Room: Karl Dean Ballroom B1
Purpose: To predict lung nodule malignancy by combining handcrafted features (HFs) and natural features learned at the output layer by deep convolutional neural network (CNN).
Methods: The dataset includes 431 malignant nodules and 795 benign nodules extracted from LIDC/IDRI database with malignancy ratings and contours given by four radiologists. We first extracted 29 handcrafted features from contoured nodules, including nine intensity features, eight geometric features and 12 texture features based on grey-level co-occurrence matrix (GLCM) averaged from thirteen directions. Then 3D CNNs modified from three state-of-the-art 2D CNN architectures (AlexNet, VGG-16 Net and Multi-crop Net) were trained to extract CNN-based features. For each 3D CNN, features at the output layer combined with the 29 handcrafted features were used as the input for support vector machine (SVM) coupled with a sequential forward feature selection (SFS) method to construct classifiers. The combining classifiers takes advantage of both handcrafted features and CNN. On one hand, it can overcome the limitation of handcrafted features that may not fully reflect unique characteristics of a particular nodule by combining CNN-extracted intrinsic features. On the other hand, it may solve the challenge of CNN that requires a large scale annotation dataset.

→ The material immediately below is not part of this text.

(* For every tree embedding $(\mathcal T,\mathcal M,y)$ in the support of $\mathcal D$, the set $Z_{\mathcal T}=\bigcup\{Z_F : F\subseteq E(H),\ |F|=\ell,\ \mathcal T\text{ is good for }F\}$ satisfies $|Z_{\mathcal T}|\le q\cdot n^{2\ell}\cdot 2^{2\ell\beta}$.
   Context: Standing setup. $G=(V,E)$ is an undirected graph with $n=|V|$, demand-pairs $(S_i,T_i)$, $i\in[q]$, of subsets of $V$. $\ell\ge1$ is an integer and $E_\ell\subseteq E$ an edge set such that in $(V,E_\ell)$ every $(S_i,T_i)$ is $\ell$-edge-connected. $x:E\to[0,1]$ satisfies $x_e=1$ for $e\in E_\ell$ and $\sum_{e\in\delta_G(X)}x_e\ge \ell+1$ for every $i\in[q]$ and every $X$ with $T_i\subseteq X\subseteq V\setminus S_i$. $\beta\ge1$ is a real. $\mathsf{LARGE}=\{e: x_e\ge 1/(4\ell\beta)\}$ and $H=(V,\mathsf{LARGE})$. Capacities: $\tilde x_e=1/(4\ell\beta)$ if $e\in\mathsf{LARGE}$; $\tilde x_e=0$ if $x_e<\frac{1}{2n^2}\cdot\frac1{4\ell\beta}$; $\tilde x_e=x_e$ otherwise. A tree embedding $(\mathcal T,\mathcal M,y)$ of $(G,\tilde x)$: $\mathcal T$ is a tree; $\mathcal M$ maps nodes of $\mathcal T$ to vertices of $G$ and is a bijection between leaves of $\mathcal T$ and $V$ (a vertex set of $G$ is identified with the corresponding leaf set); each tree edge $f=(u,v)$ is mapped to a path $\mathcal M(f)$ in $G$ between $\mathcal M(u)$ and $\mathcal M(v)$; $y(f)=\tilde x(\delta_G(X))$ where $(X,V\setminus X)$ is the leaf partition induced by $\mathcal T-f$. $\mathcal M^{-1}(e)=\{f: e\in\mathcal M(f)\}$, $\mathcal M^{-1}(F)=\bigcup_{e\in F}\mathcal M^{-1}(e)$. $\mathcal D$ is a probability distribution over tree embeddings of $(G,\tilde x)$ with $\mathbb{E}_{\mathcal T\sim\mathcal D}[\sum_{f\in\mathcal M^{-1}(e)}y(f)]\le\beta\,\tilde x_e$ for every $e\in E$, and for every tree in its support and all disjoint $A,B\subseteq V$, the maximum $A$–$B$ flow in $\mathcal T$ under $y$ is at least the maximum $A$–$B$ flow in $G$ under $\tilde x$. A tree embedding is good for $F\subseteq E(H)$ if $\sum_{f\in\mathcal M^{-1}(F)}y(f)\le1/2$. Components: $\mathbb Q^F$ is the set of vertex sets of connected components of $(V,E(H)\setminus F)$; for nonempty $S\subseteq V$, $Q_S$ is the union of those components meeting $S$. A component $Q\in\mathbb Q^F$ is shattered (w.r.t. $\mathcal T$) if its leaves are not all in one connected component of $\mathcal T$ with the edges $\mathcal M^{-1}(F)$ removed. $\mathbb U^F_{\mathcal T}$ is the set of all partitions $(A',B')$ (parts may be empty) of the set of shattered components, and $Z_F=\{(A'\cup Q_{S_i},\,B'\cup Q_{T_i}) : (A',B')\in\mathbb U^F_{\mathcal T},\ i\in[q],\ Q_{S_i}\cap Q_{T_i}=\emptyset\}$. *)

theory Defs
  imports "HOL-Probability.Probability"
begin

Results: The areas under receiver operating characteristic curve (AUCs) for combined HF-CNN models based on AlexNet, VGC-16 Net and Multi-crop Net are 0.92, 0.93 and 0.92, respectively. The AUC of SVM based on HFs alone is 0.91. The average AUC of CNN without HFs for three aforementioned architectures is 0.90.
Conclusion: We proposed an algorithm combining the CNN features learned at the output layer and the handcrafted features (HF-CNN) for predicting the lung nodule malignancy. The combined HF-CNN models outperform models based on handcrafted features or CNN alone.